### Goal of the exercise
Consider the listing below. Extract exactly the lines from the line containing "using startsby_zero_power_prefix[OF V0, of" to the line containing "j * (of_nat", both included.

### Records supplied
※
lemma fps_X_deriv_mult_power_nth:
  fixes V :: "'a::field_char_0 fps"
  shows "(fps_X * fps_deriv V * V ^ j) $ m = of_nat m / of_nat (Suc j) * (V ^ Suc j) $ m"
proof -
  have "fps_X * fps_deriv (V ^ Suc j) = fps_const (of_nat (Suc j)) * (fps_X * fps_deriv V * V ^ j)"
    by (simp only: fps_deriv_power' diff_Suc_1 fps_of_nat mult_ac)
  then have "of_nat m * (V ^ Suc j) $ m = of_nat (Suc j) * (fps_X * fps_deriv V * V ^ j) $ m"
    by (metis fps_X_deriv_nth fps_mult_left_const_nth)
  then show ?thesis by (simp add: field_simps del: of_nat_Suc)
qed

definition fps_X_log_deriv :: "'a::field fps \<Rightarrow> 'a fps" where
  "fps_X_log_deriv f = fps_X * fps_deriv f / f"

lemma fps_X_log_deriv_mult:
  fixes f g :: "'a::field fps"
  assumes f0: "f $ 0 \<noteq> 0" and g0: "g $ 0 \<noteq> 0"
  shows "fps_X_log_deriv (f * g) = fps_X_log_deriv f + fps_X_log_deriv g"
proof -
  have "fps_X * fps_deriv (f * g) * inverse (f * g)
      = fps_X * fps_deriv f * inverse f * (g * inverse g) +
        fps_X * fps_deriv g * inverse g * (f * inverse f)"
    by (simp add: fps_inverse_mult algebra_simps)
  then show ?thesis
    using f0 g0 by (simp add: fps_X_log_deriv_def fps_divide_unit inverse_mult_eq_1')
qed

lemma fps_X_log_deriv_prod:
  fixes f :: "'b \<Rightarrow> 'a::field fps"
  assumes "finite K" and "\<And>k. k \<in> K \<Longrightarrow> f k $ 0 \<noteq> 0"
  shows "fps_X_log_deriv (\<Prod>k\<in>K. f k) = (\<Sum>k\<in>K. fps_X_log_deriv (f k))"
  using assms
proof (induction K rule: finite_induct)
  case empty
  then show ?case by (simp add: fps_X_log_deriv_def)
next
  case (insert a K)
  have "(\<Prod>k\<in>K. f k) $ 0 = (\<Prod>k\<in>K. f k $ 0)"
    using \<open>finite K\<close> by (induction K rule: finite_induct) simp_all
  with insert show ?case by (simp add: fps_X_log_deriv_mult)
qed

lemma fps_X_log_deriv_linear_nth:
  fixes y :: "'a::field"
  assumes "m \<ge> 1"
  shows "fps_X_log_deriv (1 - fps_const y * fps_X) $ m = - (y ^ m)"
proof -
  define G where "G = Abs_fps (\<lambda>i. if i = 0 then 0 else y ^ i)"
  have G: "(1 - fps_const y * fps_X) * G = fps_const y * fps_X"
  proof (rule fps_ext)
    show "((1 - fps_const y * fps_X) * G) $ i = (fps_const y * fps_X) $ i" for i
      by (cases i) (auto simp: G_def algebra_simps)
  qed
  then have "fps_X_log_deriv (1 - fps_const y * fps_X)
      = - ((1 - fps_const y * fps_X) * G) * inverse (1 - fps_const y * fps_X)"
    by (simp add: fps_X_log_deriv_def fps_divide_unit fps_const_neg[symmetric] mult.commute
        del: fps_const_neg)
  also have "\<dots> = - G * ((1 - fps_const y * fps_X) * inverse (1 - fps_const y * fps_X))"
    by (simp add: mult_ac)
  finally have "fps_X_log_deriv (1 - fps_const y * fps_X) = - G"
    by (simp add: inverse_mult_eq_1')
  with assms show ?thesis by (simp add: G_def)
qed

lemma fps_X_log_deriv_one_minus_nth:
  fixes V :: "'a::field_char_0 fps"
  assumes V0: "V $ 0 = 0" and "m \<ge> 1"
  shows "fps_X_log_deriv (1 - fps_const c * V) $ m =
           - (\<Sum>r=1..m. c ^ r * of_nat m / of_nat r * (V ^ r) $ m)"
proof -
  define W where "W = inverse (1 - fps_const c * V)"
  have W: "W * (1 - fps_const c * V) = 1"
    unfolding W_def using V0 by (intro inverse_mult_eq_1) simp
  have log_deriv: "fps_X_log_deriv (1 - fps_const c * V) = - (fps_const c * (fps_X * fps_deriv V * W))"
    using V0 by (simp add: fps_X_log_deriv_def fps_divide_unit W_def mult_ac)
  have geometric: "W = (\<Sum>j<m. (fps_const c * V) ^ j) + (fps_const c * V) ^ m * W"
  proof -
    have "W * (1 - (fps_const c * V) ^ m) = W * (1 - fps_const c * V) * (\<Sum>j<m. (fps_const c * V) ^ j)"
      by (simp add: one_diff_power_eq mult.assoc)
    then show ?thesis unfolding W by (simp add: algebra_simps)
  qed
  txt \<open>Since \<open>V ^ m = O(X ^ m)\<close>, only the first \<open>m\<close> terms of the geometric series
    \<open>W = 1 / (1 - c V)\<close> contribute to the coefficient of \<open>X ^ m\<close>.\<close>
  have tail: "(fps_X * fps_deriv V * ((fps_const c * V) ^ m * W)) $ m = 0"
  proof -
    have "\<forall>i\<le>m. (fps_X * V ^ m) $ i = 0"
      using startsby_zero_power_prefix[OF V0, of m] by auto
    then have "((fps_X * V ^ m) * H) $ m = 0" for H
      by (simp add: fps_mult_nth)
    moreover have "fps_X * fps_deriv V * ((fps_const c * V) ^ m * W) =
        (fps_X * V ^ m) * (fps_const (c ^ m) * fps_deriv V * W)"
      by (simp add: power_mult_distrib fps_const_power algebra_simps)
    ultimately show ?thesis by metis
  qed
  have "(fps_X * fps_deriv V * W) $ m = (\<Sum>j<m. c ^ j * (fps_X * fps_deriv V * V ^ j) $ m)"
  proof -
    have "fps_X * fps_deriv V * W = (\<Sum>j<m. fps_const (c ^ j) * (fps_X * fps_deriv V * V ^ j))
        + fps_X * fps_deriv V * ((fps_const c * V) ^ m * W)"
      by (subst geometric) (simp add: algebra_simps sum_distrib_left power_mult_distrib fps_const_power)
    then show ?thesis using tail by (simp add: fps_sum_nth)
  qed
  also have "\<dots> = (\<Sum>j<m. c ^ j * (of_nat m / of_nat (Suc j) * (V ^ Suc j) $ m))"
    by (simp add: fps_X_deriv_mult_power_nth del: of_nat_Suc)
  finally have "c * (fps_X * fps_deriv V * W) $ m = (\<Sum>r=1..m. c ^ r * of_nat m / of_nat r * (V ^ r) $ m)"
    by (simp add: sum_distrib_left sum.atLeast1_atMost_eq mult.assoc del: of_nat_Suc)
  then show ?thesis by (simp add: log_deriv)
qed

lemma fps_of_poly_linear: "fps_of_poly [:1, - c:] = 1 - fps_const (c :: 'a::comm_ring_1) * fps_X"
  by (intro fps_ext) (simp add: coeff_pCons split: nat.split)

lemma fps_arctan_nth_0 [simp]: "fps_arctan $ 0 = 0"
  by (simp add: fps_arctan_def)

lemma fps_arctan_deriv: "fps_deriv fps_arctan * (1 + fps_X ^ 2) = 1"
proof (rule fps_ext)
  fix k
  have deriv_nth: "fps_deriv fps_arctan $ i = (if even i then (-1) ^ (i div 2) else 0)" for i
    by (auto simp: fps_arctan_def)
  have "(fps_deriv fps_arctan * (1 + fps_X ^ 2)) $ k
        = fps_deriv fps_arctan $ k + (if k < 2 then 0 else fps_deriv fps_arctan $ (k - 2))"
    by (simp add: distrib_left fps_X_power_mult_right_nth del: fps_deriv_nth)
  also have "\<dots> = (1 :: real fps) $ k"
  proof (cases "k < 2")
    case True
    then show ?thesis by (cases k) (auto simp: fps_arctan_def)
  next
    case False
    then obtain j where "k = j + 2" by (metis add.commute le_Suc_ex not_less)
    then show ?thesis unfolding deriv_nth by (auto simp: power_add)
  qed
  finally show "(fps_deriv fps_arctan * (1 + fps_X ^ 2)) $ k = (1 :: real fps) $ k" .
qed

definition fps_tan_mult_arctan :: "nat \<Rightarrow> real fps" where
  "fps_tan_mult_arctan n = fps_tan 1 oo (fps_const (real n) * fps_arctan)"

lemma fps_tan_mult_arctan_nth_0 [simp]: "fps_tan_mult_arctan n $ 0 = 0"
  by (simp add: fps_tan_mult_arctan_def fps_tan_def fps_divide_unit)

lemma fps_tan_mult_arctan_ode:
  "fps_deriv (fps_tan_mult_arctan n) * (1 + fps_X ^ 2) =
     fps_const (real n) * (1 + fps_tan_mult_arctan n ^ 2)"
proof -
  have "fps_deriv (fps_tan_mult_arctan n) * (1 + fps_X ^ 2) =
      fps_const (real n) * (1 + fps_tan_mult_arctan n ^ 2) * (fps_deriv fps_arctan * (1 + fps_X ^ 2))"
    by (simp add: fps_tan_mult_arctan_def fps_tan_compose_deriv mult_ac)
  then show ?thesis by (simp add: fps_arctan_deriv)
qed

lemma fps_tan_mult_arctan_power_nth:
  "(fps_tan_mult_arctan n ^ r) $ m =
     (\<Sum>k=r..m. (fps_tan 1 ^ r) $ k * (real n ^ k * (fps_arctan ^ k) $ m))"
proof -
  define b where "b = fps_const (real n) * fps_arctan"
  have b0: "b $ 0 = 0" by (simp add: b_def)
  have "(fps_tan_mult_arctan n ^ r) $ m = ((fps_tan 1 ^ r) oo b) $ m"
    by (simp add: fps_tan_mult_arctan_def b_def[symmetric] fps_compose_power[OF b0])
  also have "\<dots> = (\<Sum>k=0..m. (fps_tan 1 ^ r) $ k * (real n ^ k * (fps_arctan ^ k) $ m))"
    by (simp add: fps_compose_nth b_def power_mult_distrib fps_const_power)
  also have "\<dots> = (\<Sum>k=r..m. (fps_tan 1 ^ r) $ k * (real n ^ k * (fps_arctan ^ k) $ m))"
    using startsby_zero_power_prefix[of "fps_tan (1::real)" r]
    by (intro sum.mono_neutral_right) (auto simp: fps_tan_def fps_divide_unit)
  finally show ?thesis .
qed

text \<open>\<open>(1 + i t) ^ j = cos_tan_poly j + i sin_tan_poly j\<close>.\<close>
fun cos_tan_poly :: "nat \<Rightarrow> 'a::comm_ring_1 poly"
  and sin_tan_poly :: "nat \<Rightarrow> 'a::comm_ring_1 poly" where
  "cos_tan_poly 0 = 1"
| "cos_tan_poly (Suc j) = cos_tan_poly j - [:0, 1:] * sin_tan_poly j"
| "sin_tan_poly 0 = 0"
| "sin_tan_poly (Suc j) = sin_tan_poly j + [:0, 1:] * cos_tan_poly j"

lemma coeff_0_cos_tan_poly [simp]: "coeff (cos_tan_poly j) 0 = 1"
  by (induction j) simp_all

lemma coeff_0_sin_tan_poly [simp]: "coeff (sin_tan_poly j) 0 = 0"
  by (induction j) simp_all

lemma degree_cos_sin_tan_poly:
  "degree (cos_tan_poly j :: 'a::comm_ring_1 poly) \<le> j \<and> degree (sin_tan_poly j :: 'a poly) \<le> j"
proof (induction j)
  case 0
  then show ?case by simp
next
  case (Suc j)
  have X_mult: "degree ([:0, 1:] * p) \<le> Suc (degree p)" for p :: "'a poly"
    using degree_mult_le[of "[:0, 1:]" p] by simp
  show ?case
    using Suc X_mult[of "cos_tan_poly j"] X_mult[of "sin_tan_poly j"]
    by (auto intro!: order.trans[OF degree_diff_le_max] order.trans[OF degree_add_le_max])
qed

lemma poly_cos_sin_tan_poly:
  assumes "cos t \<noteq> 0"
  shows "poly (cos_tan_poly j) (tan t) = cos (real j * t) / cos t ^ j \<and>
         poly (sin_tan_poly j) (tan t) = sin (real j * t) / cos t ^ j"
proof (induction j)
  case 0
  then show ?case by simp
next
  case (Suc j)
  have "real (Suc j) * t = real j * t + t" by (simp add: algebra_simps)
  with Suc assms show ?case
    by (simp add: cos_add sin_add tan_def diff_divide_distrib add_divide_distrib)
qed

lemma cos_sin_tan_poly_wronskian:
  fixes j :: nat
  defines "A \<equiv> cos_tan_poly j :: 'a::idom poly" and "B \<equiv> sin_tan_poly j :: 'a poly"
  shows "(1 + [:0, 1:] ^ 2) * (A * pderiv B - B * pderiv A) = of_nat j * (A ^ 2 + B ^ 2)"
  unfolding A_def B_def
proof (induction j)
  case 0
  then show ?case by simp
next
  case (Suc j)
  define X :: "'a poly" where "X = [:0, 1:]"
  define A' B' :: "'a poly" where "A' = cos_tan_poly j" and "B' = sin_tan_poly j"
  have A: "cos_tan_poly (Suc j) = A' - X * B'" and B: "sin_tan_poly (Suc j) = B' + X * A'"
    by (simp_all add: X_def A'_def B'_def)
  have IH: "(1 + X ^ 2) * (A' * pderiv B' - B' * pderiv A') = of_nat j * (A' ^ 2 + B' ^ 2)"
    using Suc.IH by (simp add: X_def A'_def B'_def)
  have "pderiv X = 1" by (simp add: X_def pderiv_pCons)
  then have "(A' - X * B') * pderiv (B' + X * A') - (B' + X * A') * pderiv (A' - X * B')
      = (1 + X ^ 2) * (A' * pderiv B' - B' * pderiv A') + (A' ^ 2 + B' ^ 2)"
    by (simp add: pderiv_mult pderiv_add pderiv_diff power2_eq_square algebra_simps)
  then have "(1 + X ^ 2) * ((A' - X * B') * pderiv (B' + X * A') - (B' + X * A') * pderiv (A' - X * B'))
      = (1 + X ^ 2) * (of_nat j * (A' ^ 2 + B' ^ 2)) + (1 + X ^ 2) * (A' ^ 2 + B' ^ 2)"
    by (simp only: IH distrib_left flip: mult.assoc)
  also have "\<dots> = of_nat (Suc j) * ((A' - X * B') ^ 2 + (B' + X * A') ^ 2)"
    by (simp add: power2_eq_square algebra_simps)
  finally show ?case unfolding A B by (simp add: X_def)
qed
※
### Answer section
      using startsby_zero_power_prefix[OF V0, of m] by auto
    then have "((fps_X * V ^ m) * H) $ m = 0" for H
      by (simp add: fps_mult_nth)
    moreover have "fps_X * fps_deriv V * ((fps_const c * V) ^ m * W) =
        (fps_X * V ^ m) * (fps_const (c ^ m) * fps_deriv V * W)"
      by (simp add: power_mult_distrib fps_const_power algebra_simps)
    ultimately show ?thesis by metis
  qed
  have "(fps_X * fps_deriv V * W) $ m = (\<Sum>j<m. c ^ j * (fps_X * fps_deriv V * V ^ j) $ m)"
  proof -
    have "fps_X * fps_deriv V * W = (\<Sum>j<m. fps_const (c ^ j) * (fps_X * fps_deriv V * V ^ j))
        + fps_X * fps_deriv V * ((fps_const c * V) ^ m * W)"
      by (subst geometric) (simp add: algebra_simps sum_distrib_left power_mult_distrib fps_const_power)
    then show ?thesis using tail by (simp add: fps_sum_nth)
  qed
  also have "\<dots> = (\<Sum>j<m. c ^ j * (of_nat m / of_nat (Suc j) * (V ^ Suc j) $ m))"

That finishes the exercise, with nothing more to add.